» **EXERCISE AIM**
Write out each entry, exactly the way it appears.

*** Opening SUPPLIED ENTRIES ***

(* Let $d\ge 3$ and let $K_d$ be the complete graph on the vertex set $\{1,\ldots,d\}$. Let $\alpha\in\mathbb{C}$ be a root of the Ehrhart polynomial $i(\mathcal{P}_{K_d},m)$ of the edge polytope $\mathcal{P}_{K_d}$. Then (1) if $d=3$, then $\alpha\in\{-1,-2\}$; (2) if $d\ge 4$, then $-\tfrac{d}{2}<\operatorname{Re}(\alpha)<0$.
   Context: For a graph $G$ on vertex set $\{1,\ldots,d\}$ with edge set $E(G)$, and an edge $e=\{i,j\}$, set $\rho(e)=\mathbf{e}_i+\mathbf{e}_j\in\mathbb{R}^d$, where $\mathbf{e}_i$ is the $i$-th unit coordinate vector. The edge polytope $\mathcal{P}_G$ is the convex hull of $\{\rho(e): e\in E(G)\}$. For an integral convex polytope $\mathcal{P}\subset\mathbb{R}^N$, its Ehrhart polynomial is the polynomial $i(\mathcal{P},m)$ satisfying $i(\mathcal{P},m)=\#(m\mathcal{P}\cap\mathbb{Z}^N)$ for all integers $m\ge 0$. *)

theory Defs
  imports "HOL-Analysis.Analysis" "HOL-Computational_Algebra.Polynomial"
begin

text \<open>Vertices of the graph are the elements of the finite type 'n (so d = CARD('n)),
  a graph is given by its set of edges (two-element subsets of 'n).\<close>

definition complete_graph_edges :: "'n set set" where
  "complete_graph_edges = {{i, j} | i j. i \<noteq> j}"

definition rho :: "'n::finite set \<Rightarrow> real ^ 'n" where
  "rho e = (\<Sum>i\<in>e. axis i 1)"

definition edge_polytope :: "'n::finite set set \<Rightarrow> (real ^ 'n) set" where
  "edge_polytope E = convex hull (rho ` E)"

definition lattice_points_count :: "(real ^ 'n::finite) set \<Rightarrow> nat \<Rightarrow> nat" where
  "lattice_points_count P m =
     card {x \<in> (\<lambda>y. real m *\<^sub>R y) ` P. \<forall>i. x $ i \<in> \<int>}"

definition is_ehrhart_poly :: "(real ^ 'n::finite) set \<Rightarrow> real poly \<Rightarrow> bool" where
  "is_ehrhart_poly P p \<longleftrightarrow> (\<forall>m::nat. poly p (real m) = real (lattice_points_count P m))"

end

theory Submission
  imports Defs "HOL-Library.Multiset"
begin

(*
  The lattice points of m P(K_d) are the vectors f in N^d with all f_i <= m and
  sum f = 2m: such an f is the sum of m edge vectors, since removing an edge between two
  largest entries stays inside the set for m - 1. At most one entry of a vector with sum 2m
  exceeds m, so inclusion-exclusion over compositions gives, with k = d - 1 and the rising
  factorial (x)_k,
      i(P(K_d), m) = ((2m + 1)_k - d (m)_k) / k!,
  and every root satisfies (2a + 1)_k = d (a)_k. Compare moduli factor by factor:
  if Re a >= 0 then |(2a + 1)_k| >= 2k |(a)_k| > d |(a)_k|; if Re a <= -d/2, the reflection
  u = -(2a + d) into the right half-plane and an induction in steps of two starting from
  k = 3, 4 give |(2a + 1)_k| > d |(a)_k|. For d = 3 the equation is (a + 1)(a + 2) = 0.
*)

section \<open>Lattice points of the dilated edge polytope\<close>

definition capped_sums :: "nat \<Rightarrow> nat \<Rightarrow> ('n::finite \<Rightarrow> nat) set" where
  "capped_sums m s = {f. (\<forall>i. f i \<le> m) \<and> sum f UNIV = s}"

lemma ex_max_on_finite:
  fixes f :: "'a \<Rightarrow> nat"
  assumes "finite A" "A \<noteq> {}"
  obtains i where "i \<in> A" "\<And>l. l \<in> A \<Longrightarrow> f l \<le> f i"
proof -
  have "Max (f ` A) \<in> f ` A"
    using assms by (intro Max_in) auto
  then obtain i where "i \<in> A" "f i = Max (f ` A)"
    by (metis imageE)
  then show thesis
    using that assms by simp
qed

lemma obtain_two_largest:
  fixes f :: "'n::finite \<Rightarrow> nat"
  assumes "CARD('n) \<ge> 2"
  obtains i j where "i \<noteq> j" "\<And>l. f l \<le> f i" "\<And>l. l \<noteq> i \<Longrightarrow> f l \<le> f j"
proof -
  obtain i where imax: "\<And>l. f l \<le> f i"
    by (rule ex_max_on_finite[of UNIV f]) auto
  have "card (UNIV - {i}) \<noteq> 0"
    using assms by (simp add: card_Diff_singleton)
  then have ne: "UNIV - {i} \<noteq> {}"
    by (metis card.empty)
  obtain j where "j \<in> UNIV - {i}" and "\<And>l. l \<in> UNIV - {i} \<Longrightarrow> f l \<le> f j"
    by (rule ex_max_on_finite[OF finite ne, of f]) blast
  then show thesis
    using that[of i j] imax by blast
qed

*** Closing SUPPLIED ENTRIES ***

» **REPLY TO THE TASK**
(* Let $d\ge 3$ and let $K_d$ be the complete graph on the vertex set $\{1,\ldots,d\}$. Let $\alpha\in\mathbb{C}$ be a root of the Ehrhart polynomial $i(\mathcal{P}_{K_d},m)$ of the edge polytope $\mathcal{P}_{K_d}$. Then (1) if $d=3$, then $\alpha\in\{-1,-2\}$; (2) if $d\ge 4$, then $-\tfrac{d}{2}<\operatorname{Re}(\alpha)<0$.
   Context: For a graph $G$ on vertex set $\{1,\ldots,d\}$ with edge set $E(G)$, and an edge $e=\{i,j\}$, set $\rho(e)=\mathbf{e}_i+\mathbf{e}_j\in\mathbb{R}^d$, where $\mathbf{e}_i$ is the $i$-th unit coordinate vector. The edge polytope $\mathcal{P}_G$ is the convex hull of $\{\rho(e): e\in E(G)\}$. For an integral convex polytope $\mathcal{P}\subset\mathbb{R}^N$, its Ehrhart polynomial is the polynomial $i(\mathcal{P},m)$ satisfying $i(\mathcal{P},m)=\#(m\mathcal{P}\cap\mathbb{Z}^N)$ for all integers $m\ge 0$. *)

theory Defs
  imports "HOL-Analysis.Analysis" "HOL-Computational_Algebra.Polynomial"
begin

text \<open>Vertices of the graph are the elements of the finite type 'n (so d = CARD('n)),
  a graph is given by its set of edges (two-element subsets of 'n).\<close>

definition complete_graph_edges :: "'n set set" where
  "complete_graph_edges = {{i, j} | i j. i \<noteq> j}"

definition rho :: "'n::finite set \<Rightarrow> real ^ 'n" where
  "rho e = (\<Sum>i\<in>e. axis i 1)"

definition edge_polytope :: "'n::finite set set \<Rightarrow> (real ^ 'n) set" where
  "edge_polytope E = convex hull (rho ` E)"

definition lattice_points_count :: "(real ^ 'n::finite) set \<Rightarrow> nat \<Rightarrow> nat" where
  "lattice_points_count P m =
     card {x \<in> (\<lambda>y. real m *\<^sub>R y) ` P. \<forall>i. x $ i \<in> \<int>}"

definition is_ehrhart_poly :: "(real ^ 'n::finite) set \<Rightarrow> real poly \<Rightarrow> bool" where
  "is_ehrhart_poly P p \<longleftrightarrow> (\<forall>m::nat. poly p (real m) = real (lattice_points_count P m))"

end

theory Submission
  imports Defs "HOL-Library.Multiset"
begin

(*
  The lattice points of m P(K_d) are the vectors f in N^d with all f_i <= m and
  sum f = 2m: such an f is the sum of m edge vectors, since removing an edge between two
  largest entries stays inside the set for m - 1. At most one entry of a vector with sum 2m
  exceeds m, so inclusion-exclusion over compositions gives, with k = d - 1 and the rising
  factorial (x)_k,
      i(P(K_d), m) = ((2m + 1)_k - d (m)_k) / k!,
  and every root satisfies (2a + 1)_k = d (a)_k. Compare moduli factor by factor:
  if Re a >= 0 then |(2a + 1)_k| >= 2k |(a)_k| > d |(a)_k|; if Re a <= -d/2, the reflection
  u = -(2a + d) into the right half-plane and an induction in steps of two starting from
  k = 3, 4 give |(2a + 1)_k| > d |(a)_k|. For d = 3 the equation is (a + 1)(a + 2) = 0.
*)

section \<open>Lattice points of the dilated edge polytope\<close>

definition capped_sums :: "nat \<Rightarrow> nat \<Rightarrow> ('n::finite \<Rightarrow> nat) set" where
  "capped_sums m s = {f. (\<forall>i. f i \<le> m) \<and> sum f UNIV = s}"

lemma ex_max_on_finite:
  fixes f :: "'a \<Rightarrow> nat"
  assumes "finite A" "A \<noteq> {}"
  obtains i where "i \<in> A" "\<And>l. l \<in> A \<Longrightarrow> f l \<le> f i"
proof -
  have "Max (f ` A) \<in> f ` A"
    using assms by (intro Max_in) auto
  then obtain i where "i \<in> A" "f i = Max (f ` A)"
    by (metis imageE)
  then show thesis
    using that assms by simp
qed

lemma obtain_two_largest:
  fixes f :: "'n::finite \<Rightarrow> nat"
  assumes "CARD('n) \<ge> 2"
  obtains i j where "i \<noteq> j" "\<And>l. f l \<le> f i" "\<And>l. l \<noteq> i \<Longrightarrow> f l \<le> f j"
proof -
  obtain i where imax: "\<And>l. f l \<le> f i"
    by (rule ex_max_on_finite[of UNIV f]) auto
  have "card (UNIV - {i}) \<noteq> 0"
    using assms by (simp add: card_Diff_singleton)
  then have ne: "UNIV - {i} \<noteq> {}"
    by (metis card.empty)
  obtain j where "j \<in> UNIV - {i}" and "\<And>l. l \<in> UNIV - {i} \<Longrightarrow> f l \<le> f j"
    by (rule ex_max_on_finite[OF finite ne, of f]) blast
  then show thesis
    using that[of i j] imax by blast
qed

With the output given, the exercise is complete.